По вечерам она может общаться с подружками, конечно, под присмотром няни.

Жизнь девушки небогата событиями, что, конечно, делает Наталью мечтательной. Она очень добрая, душевная, любит своих близких. Рассматривая краткое содержание «Наталья, боярская дочь», отметим, что молодая боярыня способна воспринимать красоту природы. Она восхищается Москвой.

Девушка обладает всеми женскими добродетелями: она послушна, любит трудиться. Словом, Наталья впитала в себя все правила «Домостроя».

Однако, как отмечает Карамзин, Наталья, боярская дочь, конечно, не могла не грезить о любви. Встреча с возлюбленным произошла в церкви. Девушка влюбилась в совершенно незнакомого молодого человека. На следующий день она снова отправляется в Божий храм, но не встречает там Его. Наталья по-настоящему расстроена, она тоскует, не может есть и пить. Новая встреча с возлюбленным делает ее счастливой. Добрая няня помогает девушке встретиться с молодым человеком, так продолжает свою повесть Карамзин («Наталья, боярская дочь»). Главные герои, молодая боярыня и Алексей, решают сбежать и обвенчаться тайно.

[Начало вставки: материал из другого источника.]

lemma prod_agents:
  fixes g :: "nat \<Rightarrow> 'a::comm_monoid_mult"
  shows "(\<Prod>j\<in>agents. g j) = g 1 * (g 2 * (g 3 * g 4))"
    and "(\<Prod>j\<in>agents - {1}. g j) = g 2 * (g 3 * g 4)"
    and "(\<Prod>j\<in>agents - {2}. g j) = g 1 * (g 3 * g 4)"
    and "(\<Prod>j\<in>agents - {3}. g j) = g 1 * (g 2 * g 4)"
    and "(\<Prod>j\<in>agents - {4}. g j) = g 1 * (g 2 * g 3)"
  by (simp_all add: agents_def insert_Diff_if)

lemma line_sig_agents:
  "line_sig 1 w = (if fst w \<and> snd w ! 0 then 1 else 0)"
  "line_sig 2 w = (if fst w \<and> snd w ! 0 \<and> snd w ! 1 then 1 else 0)"
  "line_sig 3 w = (if fst w \<and> snd w ! 0 \<and> snd w ! 1 \<and> snd w ! 2 then 1 else 0)"
  "line_sig 4 w = (if fst w \<and> snd w ! 0 \<and> snd w ! 1 \<and> snd w ! 2 \<and> snd w ! 3 then 1 else 0)"
  unfolding line_sig_def by (auto simp: numeral_eq_Suc less_Suc_eq)

text \<open>
  An uninformed agent i < 4 knows that the message never reached the agents after her, so
  only agent 4 can be pivotal without a message.
\<close>

lemma payoff_line_deviation:
  assumes "i \<in> agents"
  shows "payoff line_net \<rho> \<epsilon> c (adopt_on_receipt(i := f)) i
    = f 1 * (\<rho> * (1 - \<epsilon>) ^ 4 - c * \<rho> * (1 - \<epsilon>) ^ i)
      + f 0 * ((if i = 4 then \<rho> * (1 - \<epsilon>) ^ 3 * \<epsilon> else 0) - c * (1 - \<rho> * (1 - \<epsilon>) ^ i))"
proof -
  have "i = 1 \<or> i = 2 \<or> i = 3 \<or> i = 4" using assms by (auto simp: agents_def)
  then show ?thesis
    unfolding payoff_def line_net_def network.select_convs adopt_on_receipt_def
    by (elim disjE; simp only: prod_agents line_sig_agents;
        simp add: worlds_sum_expand del: One_nat_def; simp add: algebra_simps eval_nat_numeral)
qed

lemma all_adopt_prob_line:
  "all_adopt_prob line_net \<rho> \<epsilon> adopt_on_receipt = \<rho> * (1 - \<epsilon>) ^ 4"
  unfolding all_adopt_prob_def line_net_def network.select_convs adopt_on_receipt_def
    prod_agents line_sig_agents
  by (simp add: worlds_sum_expand del: One_nat_def)

lemma adopt_on_receipt_is_BNE_line:
  assumes \<rho>: "0 \<le> \<rho>" "\<rho> \<le> 1" and \<epsilon>: "0 \<le> \<epsilon>" "\<epsilon> \<le> 1"
    and c: "0 \<le> c" "c \<le> (1 - \<epsilon>) ^ 3"
    and last_agent: "\<rho> * (1 - \<epsilon>) ^ 3 * \<epsilon> \<le> c * (1 - \<rho> * (1 - \<epsilon>) ^ 4)"
  shows "is_BNE line_net \<rho> \<epsilon> c adopt_on_receipt"
  unfolding is_BNE_def
proof (intro conjI ballI allI impI)
  show "valid_profile line_net adopt_on_receipt"
    unfolding valid_profile_def valid_strategy_def adopt_on_receipt_def by auto
next
  fix i f assume i: "i \<in> agents" and f: "valid_strategy line_net i f"
  have f01: "0 \<le> f 0" "f 0 \<le> 1" "0 \<le> f 1" "f 1 \<le> 1"
    using f unfolding valid_strategy_def line_net_def by auto
  define d where "d = 1 - \<epsilon>"
  have d: "0 \<le> d" "d \<le> 1" using \<epsilon> unfolding d_def by auto
  have i14: "1 \<le> i" "i \<le> 4" using i unfolding agents_def by auto
  define Y where "Y = \<rho> * d ^ 4 - c * \<rho> * d ^ i"
  define Z where "Z = (if i = 4 then \<rho> * d ^ 3 * \<epsilon> else 0) - c * (1 - \<rho> * d ^ i)"
  have "d ^ 3 \<le> d ^ (4 - i)"
    using d i14 by (intro power_decreasing) auto
  then have "c * d ^ i \<le> d ^ (4 - i) * d ^ i"
    using c d by (intro mult_right_mono) (auto simp: d_def)
  also have "\<dots> = d ^ 4" using i14 by (simp flip: power_add)
  finally have "0 \<le> Y"
    unfolding Y_def using mult_left_mono[of "c * d ^ i" "d ^ 4" \<rho>] \<rho> by (simp add: algebra_simps)
  moreover have "Z \<le> 0"
  proof -
    have "\<rho> * d ^ i \<le> 1" using \<rho> d by (simp add: mult_le_one power_le_one)
    then show ?thesis using c last_agent unfolding Z_def d_def by auto
  qed
  moreover have deviation: "payoff line_net \<rho> \<epsilon> c (adopt_on_receipt(i := g)) i = g 1 * Y + g 0 * Z" for g
    using payoff_line_deviation[OF i] unfolding Y_def Z_def d_def .
  ultimately have "payoff line_net \<rho> \<epsilon> c (adopt_on_receipt(i := f)) i \<le> Y"
    using f01 by (smt (verit) mult_left_le_one_le mult_nonneg_nonpos)
  also have "Y = payoff line_net \<rho> \<epsilon> c adopt_on_receipt i"
    using deviation[of "adopt_on_receipt i"] by (simp add: adopt_on_receipt_def)
  finally show "payoff line_net \<rho> \<epsilon> c (adopt_on_receipt(i := f)) i \<le> payoff line_net \<rho> \<epsilon> c adopt_on_receipt i" .
qed

lemma sig_cycle_net [simp]: "sig cycle_net = cycle_sig"
  and sigset_cycle_net [simp]: "sigset cycle_net j = (if j = 3 then {0, 1, 2, 3} else {0, 1})"
  by (simp_all add: cycle_net_def)

lemma cycle_sig_range:
  "cycle_sig 1 w \<in> {0, 1}" "cycle_sig 2 w \<in> {0, 1}" "cycle_sig 4 w \<in> {0, 1}"
  "cycle_sig 3 w \<in> {0, 1, 2, 3}"
  by (simp_all add: cycle_sig_def Let_def)

lemma cycle_sig_in_sigset: "j \<in> agents \<Longrightarrow> sig cycle_net j w \<in> sigset cycle_net j"
  using cycle_sig_range[of w] by (auto simp: agents_def)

Карамзин показывает нам переживания девушки. Она испытывает первую любовь и слепо доверяет Алексею, но это светлое чувство омрачает ощущение вины перед отцом, ей стыдно перед ним. Однако Наталья, следуя правилам «Домостроя», во всем готова слушаться мужа, как истинная жена. Девушка обретает истинное счастье с Алексеем, но молится, чтобы отец простил ее. Безмерное счастье Натальи внезапно омрачилось тем, что мужу пришлось идти на войну. Судьба заставляет девушку сделать невозможное для многих очень сильных женщин: она прячет волосы, надевает одежду воина и сражается с врагом, как настоящий мужчина. Такой самоотверженный поступок не мог не заставить отца простить ее.

Образ боярина Матвея

Итак, краткое содержание «Наталья, боярская дочь» вполне смогло передать сюжет повести. Однако мы ни слова не сказали об отце девушки Матвее Андрееве. Его образ отнюдь не является олицетворением значимого государственного деятеля, каким он должен быть, согласно сюжету. Карамзин наделяет его многими добродетелями, но образ при этом остается бледным. Этот человек способен проливать слезы в горе и в радости. Однако такой блеклый образ был создан Карамзиным неслучайно, он помогает понять идейную направленность произведения.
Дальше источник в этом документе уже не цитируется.